7. De rechtbank veroordeelt AFM in de door eiseres gemaakte proceskosten. Deze kosten stelt de rechtbank op grond van het Besluit proceskosten bestuursrecht voor de door een derde beroepsmatig verleende rechtsbijstand vast op € 2.124,00 (1 punt voor het indienen van het bezwaarschrift, 1 punt voor het verschijnen ter hoorzitting, 1 punt voor het indienen van het beroepschrift, 1 punt voor het verschijnen ter zitting, 0,5 punt voor het geven van een zienswijze na de bestuurlijke lus, met een waarde per punt van € 472,00 en een wegingsfactor 1).

Beslissing

De rechtbank:

- verklaart het beroep gegrond,

- vernietigt de besluiten 1 en 2,

- herroept het besluit van 12 september 2011,

- stelt de boete die eiseres aan AFM zal moeten voldoen op € 10.000,00,

- bepaalt dat deze uitspraak in de plaats treedt van de besluiten 1 en 2,

- bepaalt dat AFM aan eiseres het betaalde griffierecht van € 310,00 vergoedt,

- veroordeelt AFM in de proceskosten tot een bedrag van € 2.124,00 te betalen aan eiseres.

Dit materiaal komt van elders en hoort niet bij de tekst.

lemma emeasure_gaussian_measure:
  assumes "A \<in> sets borel"
  shows "emeasure (gaussian_measure TYPE('n::finite)) A =
    (\<integral>\<^sup>+x\<in>A. ennreal ((2 * pi) powr (- real CARD('n) / 2) * exp (- (norm x)\<^sup>2 / 2)) \<partial>lborel)"
  using assms by (simp add: gaussian_measure_def emeasure_density)

lemma prob_space_gaussian_measure: "prob_space (gaussian_measure TYPE('n::finite))"
proof
  have "emeasure (gaussian_measure TYPE('n)) (space (gaussian_measure TYPE('n)))
      = (\<integral>\<^sup>+x. (\<Prod>b\<in>Basis. ennreal (std_normal_density (x \<bullet> b))) \<partial>(lborel :: (real^'n) measure))"
    using gaussian_density_eq_prod_std_normal[where 'a="real^'n"]
    by (simp add: emeasure_gaussian_measure prod_ennreal normal_density_nonneg)
  also have "\<dots> = (\<Prod>b\<in>(Basis :: (real^'n) set). \<integral>\<^sup>+x. ennreal (std_normal_density x) \<partial>lborel)"
    by (rule nn_integral_lborel_prod) auto
  also have "(\<integral>\<^sup>+x. ennreal (std_normal_density x) \<partial>lborel) = 1"
    using std_normal_moment_even[of 0]
    by (subst nn_integral_eq_integral) (auto simp: has_bochner_integral_iff)
  finally show "emeasure (gaussian_measure TYPE('n)) (space (gaussian_measure TYPE('n))) = 1"
    by simp
qed

lemma emeasure_gaussian_measure_eq_measure:
  "emeasure (gaussian_measure TYPE('n::finite)) A = ennreal (measure (gaussian_measure TYPE('n)) A)"
  using finite_measure.emeasure_eq_measure prob_space.axioms(1)[OF prob_space_gaussian_measure] .

lemma measure_gaussian_measure_le:
  assumes "A \<in> sets borel" "emeasure lborel A < \<infinity>"
  shows "measure (gaussian_measure TYPE('n::finite)) A
    \<le> (2 * pi) powr (- real CARD('n) / 2) * measure lborel A"
proof -
  let ?p = "(2 * pi) powr (- real CARD('n) / 2)"
  have "emeasure (gaussian_measure TYPE('n)) A
      \<le> (\<integral>\<^sup>+x. ennreal ?p * indicator A x \<partial>lborel)"
    using assms(1) unfolding emeasure_gaussian_measure[OF assms(1)]
    by (intro nn_integral_mono mult_right_mono ennreal_leI) auto
  also have "\<dots> = ennreal (?p * measure lborel A)"
    using assms by (simp add: nn_integral_cmult_indicator emeasure_eq_ennreal_measure ennreal_mult)
  finally show ?thesis
    by (simp add: emeasure_gaussian_measure_eq_measure ennreal_le_iff)
qed

section \<open>The distribution function \<open>\<Psi>\<^sub>n\<close> of the radius\<close>

lemma Psi_eq_measure_cball: "Psi TYPE('n::finite) r = measure (gaussian_measure TYPE('n)) (cball 0 r)"
  by (simp add: Psi_def cball_def dist_norm)

lemma Psi_0: "Psi TYPE('n::finite) 0 = 0"
proof -
  have "measure (gaussian_measure TYPE('n)) (cball 0 0)
      \<le> (2 * pi) powr (- real CARD('n) / 2) * measure lborel (cball (0::real^'n) 0)"
    by (rule measure_gaussian_measure_le) (auto simp: emeasure_cball)
  also have "measure lborel (cball (0::real^'n) 0) = 0"
    by (simp add: content_cball)
  finally show ?thesis
    using measure_nonneg[of "gaussian_measure TYPE('n)" "cball 0 0"]
    unfolding Psi_eq_measure_cball by linarith
qed

lemma Psi_increment_le:
  assumes "0 \<le> s" "s \<le> r"
  shows "0 \<le> Psi TYPE('n::finite) r - Psi TYPE('n) s"
    and "Psi TYPE('n) r - Psi TYPE('n) s \<le> (2 * pi) powr (- real CARD('n) / 2)
           * unit_ball_vol (real CARD('n)) * (r ^ CARD('n) - s ^ CARD('n))"
proof -
  let ?G = "gaussian_measure TYPE('n)"
  let ?A = "cball (0::real^'n) r - cball 0 s"
  have sub: "cball (0::real^'n) s \<subseteq> cball 0 r"
    using assms by auto
  have Psi_diff: "measure ?G ?A = Psi TYPE('n) r - Psi TYPE('n) s"
    unfolding Psi_eq_measure_cball
    by (rule measure_Diff) (auto simp: emeasure_gaussian_measure_eq_measure sub)
  then show "0 \<le> Psi TYPE('n::finite) r - Psi TYPE('n) s"
    by (metis measure_nonneg)
  have "measure lborel ?A = measure lborel (cball (0::real^'n) r) - measure lborel (cball (0::real^'n) s)"
    using assms by (intro measure_Diff) (auto simp: emeasure_cball sub)
  also have "\<dots> = unit_ball_vol (real CARD('n)) * (r ^ CARD('n) - s ^ CARD('n))"
    using assms by (simp add: content_cball algebra_simps)
  finally have volume_diff: "measure lborel ?A = unit_ball_vol (real CARD('n)) * (r ^ CARD('n) - s ^ CARD('n))" .
  have "emeasure lborel ?A \<le> emeasure lborel (cball (0::real^'n) r)"
    by (rule emeasure_mono) auto
  then have "emeasure lborel ?A < \<infinity>"
    using assms by (simp add: emeasure_cball) (metis ennreal_less_top order.strict_trans1)
  then have "measure ?G ?A \<le> (2 * pi) powr (- real CARD('n) / 2) * measure lborel ?A"
    by (intro measure_gaussian_measure_le) auto
  then show "Psi TYPE('n) r - Psi TYPE('n) s \<le> (2 * pi) powr (- real CARD('n) / 2)
           * unit_ball_vol (real CARD('n)) * (r ^ CARD('n) - s ^ CARD('n))"
    by (simp add: Psi_diff volume_diff mult.assoc)
qed

lemma Psi_continuous_on: "continuous_on {0..} (Psi TYPE('n::finite))"
  unfolding continuous_on_def
proof
  fix r0 :: real
  assume r0: "r0 \<in> {0..}"
  define K where "K = (2 * pi) powr (- real CARD('n) / 2) * unit_ball_vol (real CARD('n))"
  have bound: "\<bar>Psi TYPE('n) r - Psi TYPE('n) r0\<bar> \<le> K * \<bar>r ^ CARD('n) - r0 ^ CARD('n)\<bar>"
    if r: "r \<ge> 0" for r
  proof (cases "r0 \<le> r")
    case True
    then have "r0 ^ CARD('n) \<le> r ^ CARD('n)"
      using r0 by (intro power_mono) auto
    with True r0 show ?thesis
      using Psi_increment_le[of r0 r, where 'n='n] unfolding K_def by simp
  next
    case False
    then have "r ^ CARD('n) \<le> r0 ^ CARD('n)"
      using r by (intro power_mono) auto
    with False r show ?thesis
      using Psi_increment_le[of r r0, where 'n='n] unfolding K_def by (simp add: abs_minus_commute)
  qed
  have "\<forall>\<^sub>F r in at r0 within {0..}.
      norm (Psi TYPE('n) r - Psi TYPE('n) r0) \<le> K * \<bar>r ^ CARD('n) - r0 ^ CARD('n)\<bar>"
    unfolding eventually_at_filter by (intro always_eventually) (simp add: bound)
  moreover have "((\<lambda>r. K * \<bar>r ^ CARD('n) - r0 ^ CARD('n)\<bar>) \<longlongrightarrow> 0) (at r0 within {0..})"
  proof -
    have "((\<lambda>r. K * \<bar>r ^ CARD('n) - r0 ^ CARD('n)\<bar>) \<longlongrightarrow> K * \<bar>r0 ^ CARD('n) - r0 ^ CARD('n)\<bar>)
        (at r0 within {0..})"
      by (intro tendsto_intros)
    then show ?thesis
      by simp
  qed
  ultimately have "((\<lambda>r. Psi TYPE('n) r - Psi TYPE('n) r0) \<longlongrightarrow> 0) (at r0 within {0..})"
    by (rule Lim_null_comparison)
  then show "(Psi TYPE('n) \<longlongrightarrow> Psi TYPE('n) r0) (at r0 within {0..})"
    by (simp add: LIM_zero_iff)
qed

lemma Psi_tendsto_1: "(\<lambda>k. Psi TYPE('n::finite) (real k)) \<longlonglongrightarrow> 1"
proof -
  interpret prob_space "gaussian_measure TYPE('n)"
    by (rule prob_space_gaussian_measure)
  have "(\<lambda>k. prob (cball (0::real^'n) (real k))) \<longlonglongrightarrow> prob (\<Union>k. cball 0 (real k))"
  proof (rule Lim_measure_incseq)
    show "incseq (\<lambda>k. cball (0::real^'n) (real k))"
      by (auto simp: incseq_def)
  qed auto
  also have "(\<Union>k. cball (0::real^'n) (real k)) = space (gaussian_measure TYPE('n))"
    by (auto simp: real_arch_simple)
  finally show ?thesis
    using prob_space by (simp add: Psi_eq_measure_cball)
qed

lemma Psi_surj:
  assumes "0 < x" "x < 1"
  obtains r where "r > 0" "Psi TYPE('n::finite) r = x"
proof -
  obtain k :: nat where k: "x < Psi TYPE('n) (real k)"
    using order_tendstoD(1)[OF Psi_tendsto_1[where 'n='n] assms(2)]
    by (metis eventually_sequentially order.refl)
  have "continuous_on {0..real k} (Psi TYPE('n))"
    by (rule continuous_on_subset[OF Psi_continuous_on]) auto
  then obtain r where r: "0 \<le> r" "Psi TYPE('n) r = x"
    using IVT'[of "Psi TYPE('n)" 0 x "real k"] k assms by (auto simp: Psi_0)
  moreover have "r \<noteq> 0"
    using r assms by (auto simp: Psi_0)
  ultimately show ?thesis
    using that[of r] by simp
qed

lemma exp_norm_ge_step_function:
  fixes x :: "'a::real_normed_vector"
  shows "exp (- r\<^sup>2 / 2) * indicator (cball 0 r) x
      + (exp (- (r / 2)\<^sup>2 / 2) - exp (- r\<^sup>2 / 2)) * indicator (ball 0 (r / 2)) x
    \<le> exp (- (norm x)\<^sup>2 / 2) * indicator (cball 0 r) x"
proof (cases "norm x \<le> r")
  case True
  then have "exp (- r\<^sup>2 / 2) \<le> exp (- (norm x)\<^sup>2 / 2)"
    by (simp add: power_mono)
  show ?thesis
  proof (cases "norm x < r / 2")
    case inner: True
    then have "(norm x)\<^sup>2 \<le> (r / 2)\<^sup>2"
      by (intro power_mono) auto
    with True inner show ?thesis
      by (simp add: dist_norm)
  next
    case False
    with True \<open>exp (- r\<^sup>2 / 2) \<le> exp (- (norm x)\<^sup>2 / 2)\<close> show ?thesis
      by (simp add: dist_norm)
  qed
next
  case False
  moreover have "r / 2 < norm x"
    using False norm_ge_zero[of x] by linarith
  ultimately show ?thesis
    by (simp add: dist_norm)
qed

Deze uitspraak is gedaan door mr. J. Bergen, voorzitter, en mrs. M.C. Franken en

M.C. Woudstra, leden, in aanwezigheid van mr. dr. R. Stijnen, griffier. De beslissing is in het openbaar uitgesproken op 6 juni 2013.

griffier voorzitter

Afschrift verzonden aan partijen op:

Rechtsmiddel

Tegen deze uitspraak kan binnen zes weken na de dag van verzending daarvan hoger beroep worden ingesteld bij het College van Beroep voor het bedrijfsleven.